Chehalem Ridge Nature Park
It's not that often that an entirely new park is added to the inventory of places for recreation, but with the opening of Chehalem Ridge Nature Park, Metro has added 1,260 acres and nearly 7.5 miles of trails to explore. The park is open 8 am to 7 pm for hiking, biking, equestrian and picnicking. Dogs and other pets are not allowed. It's Metro's park on the west side, about 15 minutes south of Forest Grove, about a half hour from the Beaverton area through some lovely rolling landscapes. Eager to explore the new trails, I headed out early and arrived shortly after to gate rolling open to the public for the first time. The parking area is immense, and can accommodate a lot of users, with an area for horse trailers. There are several covered picnic shelters that can be reserved for events.
The trailhead for the Woodland trail begins near the Picnic Shelters, and the Timber Road can be accessed from there or the east end of the parking lot. The Woodland Trail begins heading into the forest working northwards along in the hillside west of the Timber Road.
The history of land use is evident in the landscape here; the forest was a timber area and had been managed for future timber use. The trees were replanted in the unnatural feeling straight lines, and with acquisition of the land, Metro has done a great deal of restorative work to enhance the landscape for wildlife, fire resiliency and watershed restoration. Old logging roads have been decomissioned and revegetated throughout the area, while the main Timber Road runs open to users to incorporate into their excursions through the south of the park before closing to the public north of Iowa Hill.
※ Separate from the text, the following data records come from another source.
(* Let $k\ge 1$, $H>0$, $\beta>0$, $h>0$, and consider a hierarchical-leadership flock $[0,1,\dots,k]$ with leader sets $\mathcal{L}(i)\subseteq\{0,\dots,i-1\}$, $\mathcal{L}(i)\neq\varnothing$ for $i\ge1$. Let $\tilde x_0[n],\dots,\tilde x_k[n]\in\mathbb{R}^3$ ($n\ge 0$) be positions, for $j\in\mathcal{L}(i)$ let $a_{ij}[n]=H/(1+|\tilde x_j[n]-\tilde x_i[n]|^2/2)^{\beta}$ and $a_{ij}[n]=0$ otherwise, $d_i[n]=\sum_{j\in\mathcal{L}(i)}a_{ij}[n]$, and let $L_n$ be the $k\times k$ matrix (indices $1,\dots,k$) with $(L_n)_{ii}=d_i[n]$, $(L_n)_{ij}=-a_{ij}[n]$ for $1\le j<i$, $(L_n)_{ij}=0$ for $j>i$; put $S[n]=I-hL_n$. Suppose $|x[n]|^2\le B$ for all $n\ge0$, where $x[n]=(\tilde x_i[n]-\tilde x_0[n])_{i=1}^k\in\mathbb{R}^{3k}$, let $d_\ast=H/(1+B)^\beta$, $\rho_h=1-hd_\ast$, and assume $0<h<\frac{1}{2kH}$. Let $T$ be the $k\times k$ matrix with $T_{ij}=1$ for $i\ge j$ and $T_{ij}=0$ otherwise. Then for all $n\ge 0$, \[S[n]\prec\rho_hT\quad\text{and}\quad S[n-1]\cdots S[0]\prec\rho_h^{\,n}T^n.\]
   Context: $B\prec C$ means $|b_{ij}|\le c_{ij}$ for all entries. A hierarchical-leadership flock is one whose agents are labeled $0,\dots,k$ so that $a_{ij}>0$ only if $j<i$ and each agent $i>0$ has a nonempty leader set $\mathcal{L}(i)=\{j:a_{ij}>0\}$. For $n=0$ the empty product is the identity. *)

theory Defs
  imports "HOL-Analysis.Analysis" "Jordan_Normal_Form.Matrix"
begin

definition mat_prec :: "real mat \<Rightarrow> real mat \<Rightarrow> bool" (infix "\<prec>\<^sub>m" 50) where
  "B \<prec>\<^sub>m C \<longleftrightarrow> dim_row B = dim_row C \<and> dim_col B = dim_col C \<and>
     (\<forall>i < dim_row B. \<forall>j < dim_col B. \<bar>B $$ (i, j)\<bar> \<le> C $$ (i, j))"

definition hier_leader_sets :: "nat \<Rightarrow> (nat \<Rightarrow> nat set) \<Rightarrow> bool" where
  "hier_leader_sets k Ld \<longleftrightarrow> (\<forall>i\<in>{1..k}. Ld i \<subseteq> {0..<i} \<and> Ld i \<noteq> {})"

definition flock_a :: "real \<Rightarrow> real \<Rightarrow> (nat \<Rightarrow> nat set) \<Rightarrow> (nat \<Rightarrow> nat \<Rightarrow> real^3)
    \<Rightarrow> nat \<Rightarrow> nat \<Rightarrow> nat \<Rightarrow> real" where
  "flock_a H \<beta> Ld xt n i j =
     (if j \<in> Ld i then H / (1 + (norm (xt n j - xt n i))\<^sup>2 / 2) powr \<beta> else 0)"

definition flock_d :: "real \<Rightarrow> real \<Rightarrow> (nat \<Rightarrow> nat set) \<Rightarrow> (nat \<Rightarrow> nat \<Rightarrow> real^3)
    \<Rightarrow> nat \<Rightarrow> nat \<Rightarrow> real" where
  "flock_d H \<beta> Ld xt n i = (\<Sum>j\<in>Ld i. flock_a H \<beta> Ld xt n i j)"

text \<open>The k\<times>k matrix L_n; paper indices 1..k correspond to 0-based matrix indices 0..k-1.\<close>
definition flock_L :: "nat \<Rightarrow> real \<Rightarrow> real \<Rightarrow> (nat \<Rightarrow> nat set) \<Rightarrow> (nat \<Rightarrow> nat \<Rightarrow> real^3)
    \<Rightarrow> nat \<Rightarrow> real mat" where
  "flock_L k H \<beta> Ld xt n = mat k k (\<lambda>(r, c).
     if r = c then flock_d H \<beta> Ld xt n (r + 1)
     else if c < r then - flock_a H \<beta> Ld xt n (r + 1) (c + 1)
     else 0)"

definition flock_S :: "nat \<Rightarrow> real \<Rightarrow> real \<Rightarrow> real \<Rightarrow> (nat \<Rightarrow> nat set) \<Rightarrow> (nat \<Rightarrow> nat \<Rightarrow> real^3)
    \<Rightarrow> nat \<Rightarrow> real mat" where
  "flock_S k h H \<beta> Ld xt n = 1\<^sub>m k - h \<cdot>\<^sub>m flock_L k H \<beta> Ld xt n"

fun flock_Sprod :: "nat \<Rightarrow> real \<Rightarrow> real \<Rightarrow> real \<Rightarrow> (nat \<Rightarrow> nat set) \<Rightarrow> (nat \<Rightarrow> nat \<Rightarrow> real^3)
    \<Rightarrow> nat \<Rightarrow> real mat" where
  "flock_Sprod k h H \<beta> Ld xt 0 = 1\<^sub>m k"
| "flock_Sprod k h H \<beta> Ld xt (Suc n) = flock_S k h H \<beta> Ld xt n * flock_Sprod k h H \<beta> Ld xt n"

definition lower_ones :: "nat \<Rightarrow> real mat" where
  "lower_ones k = mat k k (\<lambda>(i, j). if j \<le> i then 1 else 0)"

end

theory Submission
  imports Defs
begin

text \<open>
  Every leader of agent i is at distance at most sqrt (2 B) from i, since both lie within the
  bound B on the squared offsets from agent 0. Hence every weight a_ij with j a leader lies
  between d_* = H / (1 + B) powr \<beta> and H, and every d_i between d_* and k H. For h < 1 / (2 k H)
  the diagonal entries 1 - h d_i of S[n] lie in [1/2, \<rho>_h] and the off-diagonal entries h a_ij in
  [0, 1/2], which gives S[n] \<prec> \<rho>_h T. Entrywise domination is preserved under matrix products
  (the dominating matrices are necessarily nonnegative), so the bound on the products follows
  by induction.
\<close>

lemma mat_prec_mult:
  assumes A: "A \<in> carrier_mat n m" and B: "B \<in> carrier_mat m p"
    and C: "C \<in> carrier_mat n m" and D: "D \<in> carrier_mat m p"
    and AC: "A \<prec>\<^sub>m C" and BD: "B \<prec>\<^sub>m D"
  shows "A * B \<prec>\<^sub>m C * D"
  unfolding mat_prec_def
proof (intro conjI allI impI)
  show "dim_row (A * B) = dim_row (C * D)" "dim_col (A * B) = dim_col (C * D)"
    using A B C D by auto
  fix i j assume "i < dim_row (A * B)" and "j < dim_col (A * B)"
  then have i: "i < n" and j: "j < p" using A B by auto
  have AC_entry: "\<bar>A $$ (i, l)\<bar> \<le> C $$ (i, l)" if "l < m" for l
    using AC A i that unfolding mat_prec_def by auto
  have BD_entry: "\<bar>B $$ (l, j)\<bar> \<le> D $$ (l, j)" if "l < m" for l
    using BD B j that unfolding mat_prec_def by auto
  have "\<bar>(A * B) $$ (i, j)\<bar> = \<bar>\<Sum>l<m. A $$ (i, l) * B $$ (l, j)\<bar>"
    using A B i j by (simp add: scalar_prod_def lessThan_atLeast0)
  also have "\<dots> \<le> (\<Sum>l<m. \<bar>A $$ (i, l) * B $$ (l, j)\<bar>)"
    by (rule sum_abs)
  also have "\<dots> \<le> (\<Sum>l<m. C $$ (i, l) * D $$ (l, j))"
  proof (rule sum_mono)
    fix l assume "l \<in> {..<m}"
    then have "\<bar>A $$ (i, l)\<bar> * \<bar>B $$ (l, j)\<bar> \<le> C $$ (i, l) * D $$ (l, j)"
      using AC_entry BD_entry by (intro mult_mono) (auto intro: order_trans[OF abs_ge_zero])
    then show "\<bar>A $$ (i, l) * B $$ (l, j)\<bar> \<le> C $$ (i, l) * D $$ (l, j)"
      by (simp only: abs_mult)
  qed
  also have "\<dots> = (C * D) $$ (i, j)"
    using C D i j by (simp add: scalar_prod_def lessThan_atLeast0)
  finally show "\<bar>(A * B) $$ (i, j)\<bar> \<le> (C * D) $$ (i, j)" .
qed

lemma mat_prec_one: "1\<^sub>m n \<prec>\<^sub>m 1\<^sub>m n"
  unfolding mat_prec_def by simp

lemma pow_mat_Suc_left:
  assumes "A \<in> carrier_mat n n"
  shows "A ^\<^sub>m Suc k = A * A ^\<^sub>m k"
proof (induction k)
  case 0
  then show ?case using assms by simp
next
  case (Suc k)
  have "A ^\<^sub>m Suc (Suc k) = (A * A ^\<^sub>m k) * A"
    using Suc by simp
  also have "\<dots> = A * A ^\<^sub>m Suc k"
    using assms by (simp add: assoc_mult_mat[of A n n "A ^\<^sub>m k" n A n])
  finally show ?case .
qed

lemma smult_pow_mat:
  fixes A :: "'a :: comm_semiring_1 mat"
  assumes "A \<in> carrier_mat n n"
  shows "(a \<cdot>\<^sub>m A) ^\<^sub>m k = a ^ k \<cdot>\<^sub>m A ^\<^sub>m k"
proof (induction k)
  case 0
  then show ?case using assms by (intro eq_matI) auto
next
  case (Suc k)
  have "(a \<cdot>\<^sub>m A) ^\<^sub>m Suc k = (a ^ k \<cdot>\<^sub>m A ^\<^sub>m k) * (a \<cdot>\<^sub>m A)"
    using Suc by simp
  also have "\<dots> = a ^ k \<cdot>\<^sub>m (A ^\<^sub>m k * (a \<cdot>\<^sub>m A))"
    by (rule mult_smult_assoc_mat) (use assms in auto)
  also have "\<dots> = a ^ k \<cdot>\<^sub>m (a \<cdot>\<^sub>m (A ^\<^sub>m k * A))"
    by (subst mult_smult_distrib) (use assms in auto)
  also have "\<dots> = a ^ Suc k \<cdot>\<^sub>m A ^\<^sub>m Suc k"
    by (rule eq_matI) (auto simp: ac_simps)
  finally show ?case .
qed

lemma mat_prec_pow:
  assumes P0: "P 0 = 1\<^sub>m n" and P_Suc: "\<And>i. P (Suc i) = A i * P i"
    and A: "\<And>i. A i \<in> carrier_mat n n" and C: "C \<in> carrier_mat n n"
    and AC: "\<And>i. A i \<prec>\<^sub>m C"
  shows "P k \<prec>\<^sub>m C ^\<^sub>m k"
proof -
  have "P k \<in> carrier_mat n n \<and> P k \<prec>\<^sub>m C ^\<^sub>m k"
  proof (induction k)
    case 0
    show ?case using P0 C mat_prec_one by simp
  next
    case (Suc k)
    then have "A k * P k \<prec>\<^sub>m C * C ^\<^sub>m k"
      using A C AC by (intro mat_prec_mult) auto
    then show ?case
      using Suc A pow_mat_Suc_left[OF C] by (auto simp: P_Suc intro: mult_carrier_mat)
  qed
  then show ?thesis ..
qed

lemma sq_norm_diff_le:
  fixes x y :: "'a :: real_normed_vector"
  shows "(norm (x - y))\<^sup>2 \<le> 2 * ((norm x)\<^sup>2 + (norm y)\<^sup>2)"
proof -
  have "(norm (x - y))\<^sup>2 \<le> (norm x + norm y)\<^sup>2"
    by (intro power_mono norm_triangle_ineq4) simp
  also have "\<dots> \<le> 2 * ((norm x)\<^sup>2 + (norm y)\<^sup>2)"
    using sum_squares_bound[of "norm x" "norm y"] by (simp add: power2_sum)
  finally show ?thesis .
qed

lemma sq_dist_le_twice_sum_sq_offsets:
  fixes p :: "nat \<Rightarrow> 'a :: real_normed_vector"
  assumes i: "i \<in> {1..k}" and ji: "j < i"
  shows "(norm (p j - p i))\<^sup>2 \<le> 2 * (\<Sum>l = 1..k. (norm (p l - p 0))\<^sup>2)"
proof (cases "j = 0")
  case True
  have "(norm (p i - p 0))\<^sup>2 \<le> (\<Sum>l = 1..k. (norm (p l - p 0))\<^sup>2)"
    using i by (intro member_le_sum) auto
  moreover have "0 \<le> (\<Sum>l = 1..k. (norm (p l - p 0))\<^sup>2)"
    by (intro sum_nonneg) simp
  ultimately show ?thesis
    using True by (simp add: norm_minus_commute)
next
  case False
  have "(norm (p j - p i))\<^sup>2 \<le> 2 * ((norm (p j - p 0))\<^sup>2 + (norm (p i - p 0))\<^sup>2)"
    using sq_norm_diff_le[of "p j - p 0" "p i - p 0"] by simp
  also have "(norm (p j - p 0))\<^sup>2 + (norm (p i - p 0))\<^sup>2 = (\<Sum>l\<in>{i, j}. (norm (p l - p 0))\<^sup>2)"
    using ji by simp
  also have "\<dots> \<le> (\<Sum>l = 1..k. (norm (p l - p 0))\<^sup>2)"
    using i ji False by (intro sum_mono2) auto
  finally show ?thesis by simp
qed

lemma flock_a_nonneg: "0 \<le> H \<Longrightarrow> 0 \<le> flock_a H \<beta> Ld xt n i j"
  unfolding flock_a_def by simp

lemma flock_a_le:
  assumes "0 \<le> H" and "0 \<le> \<beta>"
  shows "flock_a H \<beta> Ld xt n i j \<le> H"
proof -
  have "1 \<le> (1 + (norm (xt n j - xt n i))\<^sup>2 / 2) powr \<beta>"
    using assms(2) by (intro ge_one_powr_ge_zero) auto
  then show ?thesis
    using assms(1) unfolding flock_a_def by (simp add: divide_le_eq mult_le_cancel_left1)
qed

lemma flock_a_ge:
  assumes "0 \<le> H" and "0 \<le> \<beta>" and "j \<in> Ld i"
    and "(norm (xt n j - xt n i))\<^sup>2 \<le> 2 * B"
  shows "H / (1 + B) powr \<beta> \<le> flock_a H \<beta> Ld xt n i j"
proof -
  let ?q = "1 + (norm (xt n j - xt n i))\<^sup>2 / 2"
  have q_pos: "0 < ?q"
    by (simp add: add_pos_nonneg)
  have "?q powr \<beta> \<le> (1 + B) powr \<beta>"
    using assms(2,4) q_pos by (intro powr_mono2) auto
  then show ?thesis
    using assms(1,3) q_pos unfolding flock_a_def by (simp add: frac_le)
qed

lemma flock_d_le:
  assumes "0 \<le> H" and "0 \<le> \<beta>" and "finite (Ld i)"
  shows "flock_d H \<beta> Ld xt n i \<le> real (card (Ld i)) * H"
proof -
  have "flock_d H \<beta> Ld xt n i \<le> (\<Sum>j\<in>Ld i. H)"
    unfolding flock_d_def using assms(1,2) by (intro sum_mono flock_a_le)
  then show ?thesis by simp
qed

lemma flock_a_le_flock_d:
  assumes "0 \<le> H" and "finite (Ld i)" and "j \<in> Ld i"
  shows "flock_a H \<beta> Ld xt n i j \<le> flock_d H \<beta> Ld xt n i"
  unfolding flock_d_def using assms by (intro member_le_sum flock_a_nonneg)

lemma flock_S_entry:
  assumes "r < k" and "c < k"
  shows "flock_S k h H \<beta> Ld xt n $$ (r, c) =
    (if r = c then 1 - h * flock_d H \<beta> Ld xt n (r + 1)
     else if c < r then h * flock_a H \<beta> Ld xt n (r + 1) (c + 1) else 0)"
  using assms unfolding flock_S_def flock_L_def by simp

lemma flock_S_carrier: "flock_S k h H \<beta> Ld xt n \<in> carrier_mat k k"
  unfolding flock_S_def flock_L_def by auto

lemma lower_ones_carrier: "lower_ones k \<in> carrier_mat k k"
  unfolding lower_ones_def by simp

locale hierarchical_flock =
  fixes k :: nat and H \<beta> h B :: real
    and Ld :: "nat \<Rightarrow> nat set" and xt :: "nat \<Rightarrow> nat \<Rightarrow> real^3"
  assumes k_ge_1: "k \<ge> 1" and H_pos: "H > 0" and \<beta>_pos: "\<beta> > 0" and h_pos: "h > 0"
    and leaders: "hier_leader_sets k Ld"
    and offsets_bounded: "\<And>n. (\<Sum>i = 1..k. (norm (xt n i - xt n 0))\<^sup>2) \<le> B"
    and h_small: "h < 1 / (2 * real k * H)"
begin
The trails have been constructed with wide benches and easy grades, allowing for broad access to users. Many in the southern section are well graveled, and follow interesting routes to views out over the hills or along the creek. The Chehalem Ridge Trail, follows the ridge north then transitions into the the Madrona Trail which descends a more open hillslope with oaks and madrones before following the road before ending in a small loop in the forest. These trails are less developed and natural surfaced, with somewhat more rolling tread that bikers will enjoy.
I'll have to come back to check out the views- I was limted in my views out into the valley, the entirety of my time was in a steady light rain and dense cloud. My visit to the exposed meadow slope of Iowa hill brought me high enough to experience some freezing rain. While no vast views, the thick clouds and eerily straight plots of forest create a peaceful, haunting atmosphere.
The trails are exceedingly well signed, with directional markers at all junctions that include a plate with a trail map oriented to the location, so route finding should be easy. There are also plenty of benches for breaks.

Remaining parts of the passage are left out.